20242421 2024-2025-2 《Python程序设计》实验四报告

课程：《Python程序设计》
班级： 2424
姓名：张骜阳
学号：20242421
实验教师：王志强
实验日期：2025年5月26日
必修/选修：选修课

1.实验课题

作为电影爱好者，我常通过豆瓣电影榜单发现优质影片，因此尝试通过python爬虫技术采集豆瓣电影top250的信息。

2.实验内容

（1）配置环境：

似乎想让我升级但是我不想升级。

（2）爬取目标：
电影排名：榜单中的序号（1-250）
电影名称：中文标题
评分：豆瓣评分（10分制）
评价人数：参与评分用户数
导演：导演姓名
主演：主要演员
上映年份：电影首映年份
简介：一句话点评

3. 实验过程

（1）爬虫框架：Requests + BeautifulSoup
（2）工作流程：
A.模拟浏览器发送HTTP请求
B.解析HTML页面内容
C.定位并提取目标字段
D.数据清洗与存储
E.分页循环处理所有页面
F.反爬策略：随机延迟、异常处理
（3）代码：

import requests
from bs4 import BeautifulSoup
import pandas as pd
import time
import random

headers = {
    'User-Agent': 'Mozilla/5.0 (Windows NT 10.0; Win64; x64) AppleWebKit/537.36 (KHTML, like Gecko) Chrome/91.0.4472.124 Safari/537.36',
    'Accept-Language': 'zh-CN,zh;q=0.9'
}

movies = []

for start in range(0, 250, 25):
    url = f'https://movie.douban.com/top250?start={start}'

    try:
        response = requests.get(url, headers=headers, timeout=10)
        response.raise_for_status() 
        soup = BeautifulSoup(response.text, 'html.parser')

        items = soup.find_all('div', class_='item')
        for item in items:
            rank = item.find('em').text 
            title = item.find('span', class_='title').text 
            rating = item.find('span', class_='rating_num').text 

            rating_num = item.find('div', class_='star').find_all('span')[-1].text.replace('人评价', '')

            quote_tag = item.find('span', class_='inq')
            quote = quote_tag.text if quote_tag else "无"

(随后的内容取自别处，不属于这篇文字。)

lemma section_map_rhom:
  "rhom Rc mul I (free_act mul (set xs)) (free_mod Rc (set xs)) section_map"
  unfolding rhom_def
proof (intro conjI ballI)
  fix g h assume "g \<in> I" "h \<in> I"
  then obtain v w where v: "v \<in> Free" "lincomb xs v = g" "section_map g = collapse xs (q v)"
    and w: "w \<in> Free" "lincomb xs w = h" "section_map h = collapse xs (q w)"
    by (metis section_map)
  obtain u where u: "u \<in> Free" "lincomb xs u = g + h" "section_map (g + h) = collapse xs (q u)"
    using rmod_ideal \<open>g \<in> I\<close> \<open>h \<in> I\<close> section_map unfolding rmod_def by metis
  have "q u = q (v + w)" using u v w by (intro q_cong) (auto simp: Free_add lincomb_add)
  then show "section_map (g + h) = section_map g + section_map h"
    using u v w by (simp add: q_add collapse_add)
next
  fix g r assume "g \<in> I" "r \<in> Rc"
  then obtain v where v: "v \<in> Free" "lincomb xs v = g" "section_map g = collapse xs (q v)"
    by (metis section_map)
  obtain u where u: "u \<in> Free" "lincomb xs u = mul g r" "section_map (mul g r) = collapse xs (q u)"
    using rmod_ideal \<open>g \<in> I\<close> \<open>r \<in> Rc\<close> section_map unfolding rmod_def by metis
  have "q u = q (scale v r)" using u v \<open>r \<in> Rc\<close> by (intro q_cong) (auto simp: Free_scale lincomb_act)
  then show "section_map (mul g r) = free_act mul (set xs) (section_map g) r"
    using u v \<open>r \<in> Rc\<close> by (simp add: q_scale q_mem collapse_scale)
qed (rule section_map_mem)

lemma setcomb_rhom: "rhom Rc (free_act mul (set xs)) (free_mod Rc (set xs)) mul I (setcomb (set xs))"
  unfolding rhom_def
proof (intro conjI ballI)
  fix v assume v: "v \<in> free_mod Rc (set xs)"
  have "mul h (v h) \<in> I" if "h \<in> set xs" for h
    using that gens_in rmod_ideal free_mod_coord[OF v] unfolding rmod_def by blast
  then show "setcomb (set xs) v \<in> I"
    unfolding setcomb_def by (intro rmod_sum_mem[OF rmod_ideal])
next
  fix v w assume v: "v \<in> free_mod Rc (set xs)" and w: "w \<in> free_mod Rc (set xs)"
  have distr: "mul h ((v + w) h) = mul h (v h) + mul h (w h)" if "h \<in> set xs" for h
    using that gens_mem free_mod_coord[OF v] free_mod_coord[OF w]
    by (simp add: distrib_left subset_iff)
  show "setcomb (set xs) (v + w) = setcomb (set xs) v + setcomb (set xs) w"
    unfolding setcomb_def sum.distrib[symmetric] by (intro sum.cong refl distr)
next
  fix v r assume v: "v \<in> free_mod Rc (set xs)" and r: "r \<in> Rc"
  have "mul (setcomb (set xs) v) r = (\<Sum>h\<in>set xs. mul (mul h (v h)) r)"
    unfolding setcomb_def using gens_mem v r
    by (intro mul_sum_left) (auto intro: mul_mem free_mod_coord)
  also have "\<dots> = setcomb (set xs) (free_act mul (set xs) v r)"
    unfolding setcomb_def using gens_mem v r
    by (intro sum.cong) (auto simp: free_act_apply mul_assoc free_mod_coord)
  finally show "setcomb (set xs) (free_act mul (set xs) v r) = mul (setcomb (set xs) v) r" ..
qed

lemma projective_ideal: "projective Rc mul one mul I"
  unfolding projective_def
proof (intro conjI exI ballI)
  show "setcomb (set xs) ` free_mod Rc (set xs) = I"
    using setcomb_rhom setcomb_section section_map_mem unfolding rhom_def by force
qed (use rmod_ideal setcomb_rhom section_map_rhom setcomb_section in auto)

end

end

section \<open>The endomorphism ring of a finite \<open>\<Sigma>\<close>-Rickart module\<close>

locale endo_ring =
  fixes Rc :: "'r::ab_group_add set" and mul :: "'r \<Rightarrow> 'r \<Rightarrow> 'r" and one :: 'r
    and act :: "'m::ab_group_add \<Rightarrow> 'r \<Rightarrow> 'm" and M :: "'m set"
  assumes module: "rmod Rc mul one act M"
begin

abbreviation "S \<equiv> endos Rc act M"

lemma M_zero: "0 \<in> M"
  using module unfolding rmod_def by blast

lemma M_add: "x \<in> M \<Longrightarrow> y \<in> M \<Longrightarrow> x + y \<in> M"
  using module unfolding rmod_def by blast

lemma M_act: "x \<in> M \<Longrightarrow> r \<in> Rc \<Longrightarrow> act x r \<in> M"
  using module unfolding rmod_def by blast

lemma act_add: "x \<in> M \<Longrightarrow> y \<in> M \<Longrightarrow> r \<in> Rc \<Longrightarrow> act (x + y) r = act x r + act y r"
  using module unfolding rmod_def by blast

lemma act_uminus: "x \<in> M \<Longrightarrow> r \<in> Rc \<Longrightarrow> act (- x) r = - act x r"
  using rmod_act_diff[OF module M_zero, of x r] rmod_act_zero[OF module] by simp

lemma endo_mem: "f \<in> S \<Longrightarrow> f x \<in> M"
  unfolding endos_def rhom_def using M_zero by (cases "x \<in> M") auto

lemma endo_out: "f \<in> S \<Longrightarrow> x \<notin> M \<Longrightarrow> f x = 0"
  unfolding endos_def by blast

lemma endo_add: "f \<in> S \<Longrightarrow> x \<in> M \<Longrightarrow> y \<in> M \<Longrightarrow> f (x + y) = f x + f y"
  unfolding endos_def rhom_def by blast

lemma endo_act: "f \<in> S \<Longrightarrow> x \<in> M \<Longrightarrow> r \<in> Rc \<Longrightarrow> f (act x r) = act (f x) r"
  unfolding endos_def rhom_def by blast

            movies.append({
                '排名': rank,
                '标题': title,
                '评分': rating,
                '评价人数': rating_num,
                '简介': quote
            })

        delay = random.uniform(1, 3)
        print(f'已爬取第{start // 25 + 1}页，等待{delay:.1f}秒...')
        time.sleep(delay)

    except Exception as e:
        print(f"第{start // 25 + 1}页出错: {e}")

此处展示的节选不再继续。